[Saved entries]
__________

lemma weighted_genfun_ones_avoiding_partitions_one:
  assumes "1 \<le> k"
  shows "(1 - y * fps_X) * weighted_genfun (ones_avoiding partitions 1 k) (partition_weight k y z) =
    y * z * fps_X * F k (y * fps_X ^ k) z"
proof -
  let ?W = "\<lambda>S. weighted_genfun S (partition_weight k y z)"
  have sub: "ones_avoiding partitions 1 k \<subseteq> partitions"
    by (auto simp: ones_avoiding_def)
  have "?W (ones_avoiding partitions 1 k) =
      ?W {l \<in> ones_avoiding partitions 1 k. 1 \<in> set (remove1 1 l)} +
      ?W {l \<in> ones_avoiding partitions 1 k. 1 \<notin> set (remove1 1 l)}"
    by (rule weighted_genfun_split[OF sub])
  also have "?W {l \<in> ones_avoiding partitions 1 k. 1 \<in> set (remove1 1 l)} =
      y * fps_X ^ 1 * ?W (ones_avoiding partitions 1 k)"
    unfolding ones_avoiding_partitions_one_with
  proof (rule weighted_genfun_add_part[OF _ sub])
    show "partition_weight k y z l = y * partition_weight k y z (remove1 1 l)"
      if "l \<in> partitions" "1 \<in> set l" "remove1 1 l \<in> ones_avoiding partitions 1 k" for l
      using that assms by (intro partition_weight_remove1) (auto simp: ones_avoiding_def)
  qed simp
  also have "?W {l \<in> ones_avoiding partitions 1 k. 1 \<notin> set (remove1 1 l)} =
      y * z * fps_X ^ 1 * ?W (map (\<lambda>x. x + k) ` partitions)"
    unfolding ones_avoiding_partitions_one_without[OF assms]
  proof (rule weighted_genfun_add_part)
    show "partition_weight k y z l = y * z * partition_weight k y z (remove1 1 l)"
      if "l \<in> partitions" "1 \<in> set l" "remove1 1 l \<in> map (\<lambda>x. x + k) ` partitions" for l
      using that assms by (intro partition_weight_remove1_one) (auto simp: map_add_image_partitions)
  qed (auto intro: map_add_in_partitions)
  also have "?W (map (\<lambda>x. x + k) ` partitions) = F k (y * fps_X ^ k) z"
    by (simp add: weighted_genfun_map_add F_def genfun_eq_weighted_genfun)
  finally have "?W (ones_avoiding partitions 1 k) =
      y * fps_X * ?W (ones_avoiding partitions 1 k) + y * z * fps_X * F k (y * fps_X ^ k) z"
    unfolding power_one_right .
  then show ?thesis
    by (metis add_diff_cancel_left' left_diff_distrib mult_1)
qed

lemma qpoch_mult_weighted_genfun_ones_avoiding_partitions:
  assumes "1 \<le> j" "j \<le> k"
  shows "qpoch (y * fps_X) j *
      weighted_genfun (ones_avoiding partitions j k) (partition_weight k y z) =
    y * z * fps_X * F k (y * fps_X ^ k) z"
  using assms
proof (induction j rule: nat_induct_at_least)
  case base
  then show ?case
    using weighted_genfun_ones_avoiding_partitions_one by (simp add: qpoch_def)
next
  case (Suc j)
  have "y * fps_X * fps_X ^ j = y * fps_X ^ Suc j"
    by (simp add: mult.assoc)
  then have "qpoch (y * fps_X) (Suc j) *
      weighted_genfun (ones_avoiding partitions (Suc j) k) (partition_weight k y z) =
      qpoch (y * fps_X) j * weighted_genfun (ones_avoiding partitions j k) (partition_weight k y z)"
    using weighted_genfun_ones_avoiding_partitions_step[of "Suc j" k y z] Suc
    by (simp add: qpoch_Suc mult.assoc)
  then show ?case
    using Suc by simp
qed

lemma weighted_genfun_ones_avoiding_distinct_step:
  assumes "2 \<le> j" "j \<le> k"
  shows "weighted_genfun (ones_avoiding distinct_partitions j k) (partition_weight k y z) =
    (1 + y * fps_X ^ j) *
      weighted_genfun (ones_avoiding distinct_partitions (j - 1) k) (partition_weight k y z)"
proof -
  let ?W = "\<lambda>S. weighted_genfun S (partition_weight k y z)"
  have sub: "ones_avoiding distinct_partitions i k \<subseteq> partitions" for i
    by (auto simp: ones_avoiding_def distinct_partitions_def)
  have "?W (ones_avoiding distinct_partitions j k) =
      ?W {l \<in> ones_avoiding distinct_partitions j k. j \<in> set l} +
      ?W {l \<in> ones_avoiding distinct_partitions j k. j \<notin> set l}"
    by (rule weighted_genfun_split[OF sub])
  also have "?W {l \<in> ones_avoiding distinct_partitions j k. j \<in> set l} =
      y * fps_X ^ j * ?W (ones_avoiding distinct_partitions (j - 1) k)"
    unfolding ones_avoiding_distinct_with[OF assms]
  proof (rule weighted_genfun_add_part[OF _ sub])
    show "partition_weight k y z l = y * partition_weight k y z (remove1 j l)"
      if "l \<in> partitions" "j \<in> set l"
        "remove1 j l \<in> ones_avoiding distinct_partitions (j - 1) k" for l
      using that assms by (intro partition_weight_remove1) (auto simp: ones_avoiding_def)
  qed (use assms in simp)
  also have "{l \<in> ones_avoiding distinct_partitions j k. j \<notin> set l} =
      ones_avoiding distinct_partitions (j - 1) k"
    by (rule ones_avoiding_without) (use assms in auto)
  finally show ?thesis
    by (simp add: algebra_simps)
qed

lemma weighted_genfun_ones_avoiding_distinct_one:
  assumes "1 \<le> k"
  shows "weighted_genfun (ones_avoiding distinct_partitions 1 k) (partition_weight k y z) =
    y * z * fps_X * G k (y * fps_X ^ k) z"
proof -
  have "weighted_genfun (ones_avoiding distinct_partitions 1 k) (partition_weight k y z) =
      y * z * fps_X ^ 1 *
        weighted_genfun (map (\<lambda>x. x + k) ` distinct_partitions) (partition_weight k y z)"
    unfolding ones_avoiding_distinct_one[OF assms]
  proof (rule weighted_genfun_add_part)
    show "partition_weight k y z l = y * z * partition_weight k y z (remove1 1 l)"
      if "l \<in> partitions" "1 \<in> set l" "remove1 1 l \<in> map (\<lambda>x. x + k) ` distinct_partitions" for l
      using that assms
      by (intro partition_weight_remove1_one) (auto simp: map_add_image_distinct_partitions)
  qed (auto simp: distinct_partitions_def intro: map_add_in_partitions)
  also have "weighted_genfun (map (\<lambda>x. x + k) ` distinct_partitions) (partition_weight k y z) =
      G k (y * fps_X ^ k) z"
    by (simp add: weighted_genfun_map_add G_def genfun_eq_weighted_genfun distinct_partitions_def)
  finally show ?thesis
    by simp
qed

lemma weighted_genfun_ones_avoiding_distinct:
  assumes "1 \<le> j" "j \<le> k"
  shows "weighted_genfun (ones_avoiding distinct_partitions j k) (partition_weight k y z) =
    y * z * fps_X * qpoch (- (y * fps_X ^ 2)) (j - 1) * G k (y * fps_X ^ k) z"
  using assms
proof (induction j rule: nat_induct_at_least)
  case base
  then show ?case
    using weighted_genfun_ones_avoiding_distinct_one by (simp add: qpoch_def)
next
  case (Suc j)
  have "1 - - (y * fps_X ^ 2) * fps_X ^ (j - 1) = 1 + y * fps_X ^ Suc j"
    using Suc.hyps by (simp add: power_add[symmetric] mult.assoc)
  then have "qpoch (- (y * fps_X ^ 2)) (Suc j - 1) =
      (1 + y * fps_X ^ Suc j) * qpoch (- (y * fps_X ^ 2)) (j - 1)"
    using Suc.hyps qpoch_Suc[of "- (y * fps_X ^ 2)" "j - 1"] by (simp add: mult.commute)
  then show ?case
    using weighted_genfun_ones_avoiding_distinct_step[of "Suc j" k y z] Suc by (simp add: mult_ac)
qed

lemma qpoch_mult_F_minus_F_shift:
  assumes "1 \<le> k"
  shows "qpoch (y * fps_X) k * (F k y z - F k (y * fps_X) z) =
    y * z * fps_X * F k (y * fps_X ^ k) z"
proof -
  have "F k y z - F k (y * fps_X) z =
      weighted_genfun (ones_avoiding partitions k k) (partition_weight k y z)"
    unfolding F_def genfun_minus_genfun_shift[OF subset_refl map_add_image_partitions]
    by (simp add: ones_avoiding_def)
  then show ?thesis
    using qpoch_mult_weighted_genfun_ones_avoiding_partitions[OF assms order_refl] by simp
qed

lemma G_minus_G_shift:
  assumes "1 \<le> k"
  shows "G k y z - G k (y * fps_X) z =
    y * z * fps_X * qpoch (- (y * fps_X ^ 2)) (k - 1) * G k (y * fps_X ^ k) z"
proof -
  have sub: "distinct_partitions \<subseteq> partitions"
    by (simp add: distinct_partitions_def)
  have "G k y z - G k (y * fps_X) z =
      weighted_genfun (ones_avoiding distinct_partitions k k) (partition_weight k y z)"
    unfolding G_def genfun_minus_genfun_shift[OF sub map_add_image_distinct_partitions]
    by (simp add: ones_avoiding_def)
  then show ?thesis
    using weighted_genfun_ones_avoiding_distinct[OF assms order_refl] by simp
qed

theorem lemma2p1:
  fixes k :: nat and y z :: "'a::field fps"
  assumes "k \<ge> 1"
  shows "(F k y z - F k (y * fps_X) z
           = y * z * fps_X / qpoch (y * fps_X) k * F k (y * fps_X ^ k) z)
       \<and> (G k y z - G k (y * fps_X) z
           = y * z * fps_X * qpoch (- (y * fps_X ^ 2)) (k - 1) * G k (y * fps_X ^ k) z)"
proof
  let ?q = "qpoch (y * fps_X) k"
  have unit: "is_unit ?q"
    by (simp add: fps_nth_qpoch_mult_X_0)
  then have "F k y z - F k (y * fps_X) z = ?q * (F k y z - F k (y * fps_X) z) / ?q"
    by auto
  also have "\<dots> = y * z * fps_X * F k (y * fps_X ^ k) z / ?q"
    unfolding qpoch_mult_F_minus_F_shift[OF assms] ..
  also have "\<dots> = y * z * fps_X / ?q * F k (y * fps_X ^ k) z"
    using unit by (rule unit_div_commute[symmetric])
  finally show "F k y z - F k (y * fps_X) z = y * z * fps_X / ?q * F k (y * fps_X ^ k) z" .
  show "G k y z - G k (y * fps_X) z =
      y * z * fps_X * qpoch (- (y * fps_X ^ 2)) (k - 1) * G k (y * fps_X ^ k) z"
    using G_minus_G_shift[OF assms] .
qed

__________

From the first line of the records above to the line that contains "1 l \<in> ones_avoiding", quote each line exactly.

### RESULT OF THIS EXERCISE
lemma weighted_genfun_ones_avoiding_partitions_one:
  assumes "1 \<le> k"
  shows "(1 - y * fps_X) * weighted_genfun (ones_avoiding partitions 1 k) (partition_weight k y z) =
    y * z * fps_X * F k (y * fps_X ^ k) z"
proof -
  let ?W = "\<lambda>S. weighted_genfun S (partition_weight k y z)"
  have sub: "ones_avoiding partitions 1 k \<subseteq> partitions"
    by (auto simp: ones_avoiding_def)
  have "?W (ones_avoiding partitions 1 k) =
      ?W {l \<in> ones_avoiding partitions 1 k. 1 \<in> set (remove1 1 l)} +
      ?W {l \<in> ones_avoiding partitions 1 k. 1 \<notin> set (remove1 1 l)}"
    by (rule weighted_genfun_split[OF sub])
  also have "?W {l \<in> ones_avoiding partitions 1 k. 1 \<in> set (remove1 1 l)} =
      y * fps_X ^ 1 * ?W (ones_avoiding partitions 1 k)"
    unfolding ones_avoiding_partitions_one_with
  proof (rule weighted_genfun_add_part[OF _ sub])
    show "partition_weight k y z l = y * partition_weight k y z (remove1 1 l)"
      if "l \<in> partitions" "1 \<in> set l" "remove1 1 l \<in> ones_avoiding partitions 1 k" for l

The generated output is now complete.